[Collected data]
(* Consider the homophily-based model $X(t+1)=f_{\mathrm{HbM}}(X(t))$, $f_{\mathrm{HbM}}(X)=\operatorname{diag}(|X|\mathbf{1}_n)^{-1}XX^{\top}$. Let $Q_{\mathrm{HbM}}$ be the set of matrices $PYP^{\top}\in\mathcal{S}_{\mathrm{nz\text{-}row}}$ with $P$ a permutation matrix and $Y$ block diagonal with each diagonal block of the form $\alpha bb^{\top}$, $\alpha>0$, $b\in\{-1,+1\}^m$, $m\le n$. Then: (i) each element of $Q_{\mathrm{HbM}}$ of rank one is a locally stable fixed point of $f_{\mathrm{HbM}}$; (ii) for every $X(0)\in\mathcal{S}_{\mathrm{nz\text{-}row}}$, the following are equivalent: (a) the solution $X(t)$ satisfies the non-vanishing appraisal condition $\liminf_{t\to\infty}\min_{i,j}|X_{ij}(t)|>0$; (b) there exists $t_0>0$ such that $G(X(t))$ satisfies social balance for all $t\ge t_0$; (c) there exists $X^*\in Q_{\mathrm{HbM}}$ of rank one such that $\lim_{t\to\infty}X(t)=X^*$.
   Context: $\mathcal{S}_{\mathrm{nz\text{-}row}}=\{X\in\mathbb{R}^{n\times n}:\text{every row of }X\text{ is non-zero}\}$; $|X|$ is entry-wise absolute value, $\mathbf{1}_n$ the all-ones vector. A fixed point $X^*$ of a map $f$ is locally stable if for every $\epsilon>0$ there is $\zeta>0$ such that $\max_{i,j}|X_{ij}(0)-X^*_{ij}|<\zeta$ implies $\max_{i,j}|X_{ij}(t)-X^*_{ij}|<\epsilon$ for all $t\ge0$, where $X(t+1)=f(X(t))$. $G(X)$ is the weighted digraph with adjacency matrix $X$; $G(X)$ satisfies social balance if $X_{ii}>0$ for all $i$ and $\operatorname{sign}(X_{ij})\operatorname{sign}(X_{jk})\operatorname{sign}(X_{ki})=1$ for all $i,j,k$. *)

theory Defs
  imports "Jordan_Normal_Form.Matrix" "Jordan_Normal_Form.DL_Rank" "HOL-Library.Extended_Real"
    "HOL-Library.Liminf_Limsup"
begin

definition nz_row :: "nat \<Rightarrow> real mat set" where
  "nz_row n = {X \<in> carrier_mat n n. \<forall>i<n. \<exists>j<n. X $$ (i,j) \<noteq> 0}"

definition ones_vec :: "nat \<Rightarrow> real vec" where
  "ones_vec n = vec n (\<lambda>_. 1)"

definition abs_mat :: "real mat \<Rightarrow> real mat" where
  "abs_mat X = map_mat abs X"

definition diag_inv :: "real vec \<Rightarrow> real mat" where
  "diag_inv d = mat (dim_vec d) (dim_vec d) (\<lambda>(i,j). if i = j then inverse (d $ i) else 0)"

definition f_HbM :: "real mat \<Rightarrow> real mat" where
  "f_HbM X = diag_inv (abs_mat X *\<^sub>v ones_vec (dim_row X)) * X * transpose_mat X"

definition traj :: "real mat \<Rightarrow> nat \<Rightarrow> real mat" where
  "traj X0 t = (f_HbM ^^ t) X0"

definition perm_mat :: "nat \<Rightarrow> (nat \<Rightarrow> nat) \<Rightarrow> real mat" where
  "perm_mat n \<sigma> = mat n n (\<lambda>(i,j). if \<sigma> i = j then 1 else 0)"

definition is_perm_mat :: "nat \<Rightarrow> real mat \<Rightarrow> bool" where
  "is_perm_mat n P \<longleftrightarrow> (\<exists>\<sigma>. \<sigma> permutes {..<n} \<and> P = perm_mat n \<sigma>)"

definition sign_block :: "real \<Rightarrow> real vec \<Rightarrow> real mat" where
  "sign_block \<alpha> b = \<alpha> \<cdot>\<^sub>m (mat_of_cols (dim_vec b) [b] * mat_of_rows (dim_vec b) [b])"

definition valid_block :: "real \<times> real vec \<Rightarrow> bool" where
  "valid_block p \<longleftrightarrow> fst p > 0 \<and> dim_vec (snd p) > 0 \<and>
      (\<forall>i < dim_vec (snd p). snd p $ i \<in> {-1, 1})"

definition Q_HbM :: "nat \<Rightarrow> real mat set" where
  "Q_HbM n = {X. X \<in> nz_row n \<and>
     (\<exists>P bs. is_perm_mat n P \<and> list_all valid_block bs \<and>
        diag_block_mat (map (\<lambda>(\<alpha>, b). sign_block \<alpha> b) bs) \<in> carrier_mat n n \<and>
        X = P * diag_block_mat (map (\<lambda>(\<alpha>, b). sign_block \<alpha> b) bs) * transpose_mat P)}"

definition mat_rank :: "nat \<Rightarrow> real mat \<Rightarrow> nat" where
  "mat_rank n X = vec_space.rank n X"

definition locally_stable_fp :: "nat \<Rightarrow> (real mat \<Rightarrow> real mat) \<Rightarrow> real mat \<Rightarrow> bool" where
  "locally_stable_fp n f Xs \<longleftrightarrow> f Xs = Xs \<and>
     (\<forall>\<epsilon>>0. \<exists>\<zeta>>0. \<forall>X0 \<in> carrier_mat n n.
        (\<forall>i<n. \<forall>j<n. \<bar>X0 $$ (i,j) - Xs $$ (i,j)\<bar> < \<zeta>) \<longrightarrow>
        (\<forall>t. \<forall>i<n. \<forall>j<n. \<bar>(f ^^ t) X0 $$ (i,j) - Xs $$ (i,j)\<bar> < \<epsilon>))"

definition social_balance :: "nat \<Rightarrow> real mat \<Rightarrow> bool" where
  "social_balance n X \<longleftrightarrow> (\<forall>i<n. X $$ (i,i) > 0) \<and>
     (\<forall>i<n. \<forall>j<n. \<forall>k<n. sgn (X $$ (i,j)) * sgn (X $$ (j,k)) * sgn (X $$ (k,i)) = 1)"

definition min_abs_entry :: "nat \<Rightarrow> real mat \<Rightarrow> real" where
  "min_abs_entry n X = Min {\<bar>X $$ (i,j)\<bar> | i j. i < n \<and> j < n}"

end

theory Submission
  imports Defs "Jordan_Normal_Form.DL_Rank_Submatrix"
begin

(* Entrywise, the map reads X'_ij = (sum_k X_ik X_jk) / (sum_k |X_ik|). If the entries of X are nonzero with
   signs c_i c_j for a sign vector c, this sign pattern is preserved and |X| evolves by the same formula;
   then each entry of the next matrix is a weighted average of a row of the current one, with weights
   bounded below uniformly in time, so the largest and smallest entries are monotone and their gap
   contracts geometrically: X(t) tends to alpha c c^T, which are exactly the rank-one elements of Q_HbM.
   Conversely, if all entries stay bounded away from zero, the largest modulus never increases and drops
   by a fixed amount within three steps whenever two rows are misaligned (their entrywise product has
   entries of both signs). Hence eventually no two rows are misaligned, which together with the positive
   diagonal is social balance; and social balance at a single time yields the sign pattern above. *)

section \<open>Entrywise form of the dynamics\<close>

lemma f_HbM_carrier: "X \<in> carrier_mat n n \<Longrightarrow> f_HbM X \<in> carrier_mat n n"
  unfolding f_HbM_def diag_inv_def abs_mat_def ones_vec_def by auto

lemma funpow_f_HbM_carrier: "X \<in> carrier_mat n n \<Longrightarrow> (f_HbM ^^ t) X \<in> carrier_mat n n"
  by (induction t) (auto intro: f_HbM_carrier)

lemma index_diag_inv_mult:
  assumes A: "A \<in> carrier_mat (dim_vec d) m" and i: "i < dim_vec d" and k: "k < m"
  shows "(diag_inv d * A) $$ (i,k) = A $$ (i,k) / d $ i"
proof -
  have "(diag_inv d * A) $$ (i,k) = (\<Sum>l<dim_vec d. (if i = l then inverse (d $ i) else 0) * A $$ (l,k))"
    using A i k unfolding diag_inv_def by (auto simp: scalar_prod_def lessThan_atLeast0)
  also have "\<dots> = (\<Sum>l<dim_vec d. if l = i then A $$ (i,k) / d $ i else 0)"
    by (rule sum.cong) (auto simp: divide_inverse)
  also have "\<dots> = A $$ (i,k) / d $ i"
    using i by simp
  finally show ?thesis .
qed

§ TASK OBJECTIVE: When the line with "(i,j)\<bar> | i" is reached in the data above, begin copying, and stop after the line with "carrier_mat (dim_vec d)"; copy each line exactly, both ends included.

§ OUTPUT:
  "min_abs_entry n X = Min {\<bar>X $$ (i,j)\<bar> | i j. i < n \<and> j < n}"

end

theory Submission
  imports Defs "Jordan_Normal_Form.DL_Rank_Submatrix"
begin

(* Entrywise, the map reads X'_ij = (sum_k X_ik X_jk) / (sum_k |X_ik|). If the entries of X are nonzero with
   signs c_i c_j for a sign vector c, this sign pattern is preserved and |X| evolves by the same formula;
   then each entry of the next matrix is a weighted average of a row of the current one, with weights
   bounded below uniformly in time, so the largest and smallest entries are monotone and their gap
   contracts geometrically: X(t) tends to alpha c c^T, which are exactly the rank-one elements of Q_HbM.
   Conversely, if all entries stay bounded away from zero, the largest modulus never increases and drops
   by a fixed amount within three steps whenever two rows are misaligned (their entrywise product has
   entries of both signs). Hence eventually no two rows are misaligned, which together with the positive
   diagonal is social balance; and social balance at a single time yields the sign pattern above. *)

section \<open>Entrywise form of the dynamics\<close>

lemma f_HbM_carrier: "X \<in> carrier_mat n n \<Longrightarrow> f_HbM X \<in> carrier_mat n n"
  unfolding f_HbM_def diag_inv_def abs_mat_def ones_vec_def by auto

lemma funpow_f_HbM_carrier: "X \<in> carrier_mat n n \<Longrightarrow> (f_HbM ^^ t) X \<in> carrier_mat n n"
  by (induction t) (auto intro: f_HbM_carrier)

lemma index_diag_inv_mult:
  assumes A: "A \<in> carrier_mat (dim_vec d) m" and i: "i < dim_vec d" and k: "k < m"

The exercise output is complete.